Tout n’est pas pour autant idyllique, et ce modèle donne aujourd’hui quelques signes d’essoufflement. Le plus flagrant est celui qui émane de sa classe politique. L’éternel jeu de chaises musicales, tous les cinq ans ou presque, entre les trois partis qui se partagent le pouvoir depuis la nuit des temps, conjugué à la culture dynastique de ses principaux acteurs (Ramgoolam, Jugnauth, Duval, Boolell, Ohsan, Mohamed…) freine le renouvellement des élites politiques – hindoues pour la plupart, ce qui pose un autre problème – et n’est pas franchement une incitation à la méritocratie.

Sur le plan économique, évidemment, l’élan n’est plus le même depuis la crise économique mondiale. L’investissement intérieur et extérieur marque le pas, et le taux de chômage – qui touche près d’un jeune sur quatre – augmente.

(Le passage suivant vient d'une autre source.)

text \<open>The persistence module  k[D_(xs 0)] + ... + k[D_(xs (n-1))]; the structure map
  p \<le> q is the identity on the summands with q \<le> xs i and zero on the others.\<close>
definition sum_down_modules :: "('k, 'r) ring_scheme \<Rightarrow> nat \<Rightarrow> (nat \<Rightarrow> 'p::order) \<Rightarrow> 'p \<Rightarrow> ('k, nat \<Rightarrow> 'k) module" where
  "sum_down_modules R n xs p = coord_module R (\<lambda>i. i < n \<and> p \<le> xs i)"

definition sum_down_maps :: "('k, 'r) ring_scheme \<Rightarrow> nat \<Rightarrow> (nat \<Rightarrow> 'p::order) \<Rightarrow> 'p \<Rightarrow> 'p \<Rightarrow> (nat \<Rightarrow> 'k) \<Rightarrow> (nat \<Rightarrow> 'k)" where
  "sum_down_maps R n xs p q c = (\<lambda>i. if i < n \<and> q \<le> xs i then c i else \<zero>\<^bsub>R\<^esub>)"

text \<open>Finitely generated: an epimorphism (pointwise surjective natural transformation)
  from a finite direct sum of modules k[U_x].\<close>
definition finitely_generated ::
  "('k, 'r) ring_scheme \<Rightarrow> ('p::order \<Rightarrow> ('k, 'm) module) \<Rightarrow> ('p \<Rightarrow> 'p \<Rightarrow> 'm \<Rightarrow> 'm) \<Rightarrow> bool" where
  "finitely_generated R M f \<longleftrightarrow>
     (\<exists>n xs \<eta>. pers_morphism R (sum_up_modules R n xs) (sum_up_maps R n xs) M f \<eta> \<and>
        (\<forall>p. \<eta> p ` carrier (sum_up_modules R n xs p) = carrier (M p)))"

text \<open>Finitely co-generated: a monomorphism (pointwise injective natural transformation)
  into a finite direct sum of modules k[D_x].\<close>
definition finitely_cogenerated ::
  "('k, 'r) ring_scheme \<Rightarrow> ('p::order \<Rightarrow> ('k, 'm) module) \<Rightarrow> ('p \<Rightarrow> 'p \<Rightarrow> 'm \<Rightarrow> 'm) \<Rightarrow> bool" where
  "finitely_cogenerated R M f \<longleftrightarrow>
     (\<exists>n xs \<eta>. pers_morphism R M f (sum_down_modules R n xs) (sum_down_maps R n xs) \<eta> \<and>
        (\<forall>p. inj_on (\<eta> p) (carrier (M p))))"
text \<open>If the common subsequence is longer than \<open>(1 + \<gamma> - \<kappa>) n\<close>, the binomial factor exceeds its
  share \<open>ins_exponent\<close> of the exponent. The supersequence bound with \<open>\<sigma> = \<kappa> - \<gamma>\<close> instead of
  \<open>\<sigma> = \<kappa>\<close> makes up for it, by Gibbs' inequality.\<close>

lemma long_common_subseq_exponent_le:
  fixes i k n \<gamma> \<kappa> :: real
  defines "x \<equiv> \<gamma> / (2*\<gamma> - \<kappa> + 1)" and "e \<equiv> \<kappa> - \<gamma>"
  assumes q: "q \<ge> 2" and "0 < \<gamma>" "\<kappa> \<le> (real q - 1) / real q"
    and "i \<le> \<gamma> * n" "0 \<le> k" "0 \<le> n - k" "n - k < e * n"
  shows "i * (- ln x) + k * (- ln (1 - x)) - k * ln (1 - e) + (n - k) * (ln (real q - 1) - ln e)
    \<le> n * (ins_exponent q \<gamma> \<kappa> + del_exponent q \<kappa>)"
proof -
  define c where "c = ln (real q - 1) - ln \<kappa> + ln (1 - \<kappa>)"
  define c' where "c' = ln (real q - 1) - ln e + ln (1 - x) + ln (1 - e)"
  have "(real q - 1) / real q < 1" using q by simp
  then have \<kappa>1: "\<kappa> < 1" using assms(5) by linarith
  have "0 < e * n" "0 \<le> n" using assms(7-9) by linarith+
  then have e: "0 < e" by (simp add: zero_less_mult_iff)
  have \<kappa>: "0 < \<kappa>" "e < \<kappa>" using e assms(4) by (auto simp: e_def)
  have x: "0 < x" "x < 1" "1 - x = (1 - e) / (1 - e + \<gamma>)"
    using assms(4) \<kappa>1 by (auto simp: x_def e_def field_simps)
  have "0 \<le> c'"
    using deletion_coefficient_nonneg[of q \<gamma> e] q assms(4,5) e by (simp add: c'_def e_def x(3))
  moreover have "0 \<le> c"
    using deletion_coefficient_nonneg[of q 0 \<kappa>] q assms(5) \<kappa> \<kappa>1 by (simp add: c_def)
  ultimately have "i * (- ln x) \<le> (\<gamma> * n) * (- ln x)" "(n - k) * c' \<le> (e * n) * c'"
    "(e * n) * c \<le> (\<kappa> * n) * c"
    using assms(6,8,9) x \<kappa> \<open>0 \<le> n\<close> by (intro mult_right_mono; simp)+
  moreover have "n * (- e * ln e - (1 - e) * ln (1 - e)) \<le> n * (- e * ln \<kappa> - (1 - e) * ln (1 - \<kappa>))"
    using binary_entropy_le_cross_entropy[of e \<kappa>] e \<kappa> \<kappa>1 \<open>0 \<le> n\<close> by (intro mult_left_mono) auto
  ultimately have "i * (- ln x) + k * (- ln (1 - x)) - k * ln (1 - e) + (n - k) * (ln (real q - 1) - ln e)
      \<le> (\<gamma> * n) * (- ln x) + ((1 - e) * n) * (- ln (1 - x)) - n * ln (1 - \<kappa>) + (\<kappa> * n) * c"
    unfolding c'_def c_def by (simp add: algebra_simps)
  also have "\<dots> = n * (ins_exponent q \<gamma> \<kappa> + del_exponent q \<kappa>)"
    unfolding ins_exponent_eq[OF q assms(4) \<kappa>1] del_exponent_eq[OF q \<kappa>(1) \<kappa>1] x_def c_def e_def
    by (simp add: algebra_simps)
  finally show ?thesis .
qed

Même si les conflits communautaires de 1995 ou de 1999 semblent un lointain souvenir, le pays n’est pas pour autant immunisé contre une nouvelle éruption de violence

Sur le plan social, enfin, la cohésion nationale demeure largement perfectible. Car les communautés – hindous, musulmans, Chinois, Blancs et créoles – cohabitent toujours plus qu’elles ne se mêlent, et les tensions restent latentes. Même si les conflits communautaires de 1995 ou de 1999 semblent un lointain souvenir, le pays n’est pas pour autant immunisé contre une nouvelle éruption de violence. Laquelle, dans son expression ordinaire (crimes, délits…) a déjà tendance à se répandre, comme les drogues d’ailleurs, ce qui est tout de même le signe d’un malaise. Les défis, on l’a vu, sont nombreux et difficiles à relever. C’est le lot des modèles qui, pour le demeurer, doivent perpétuellement se réinventer.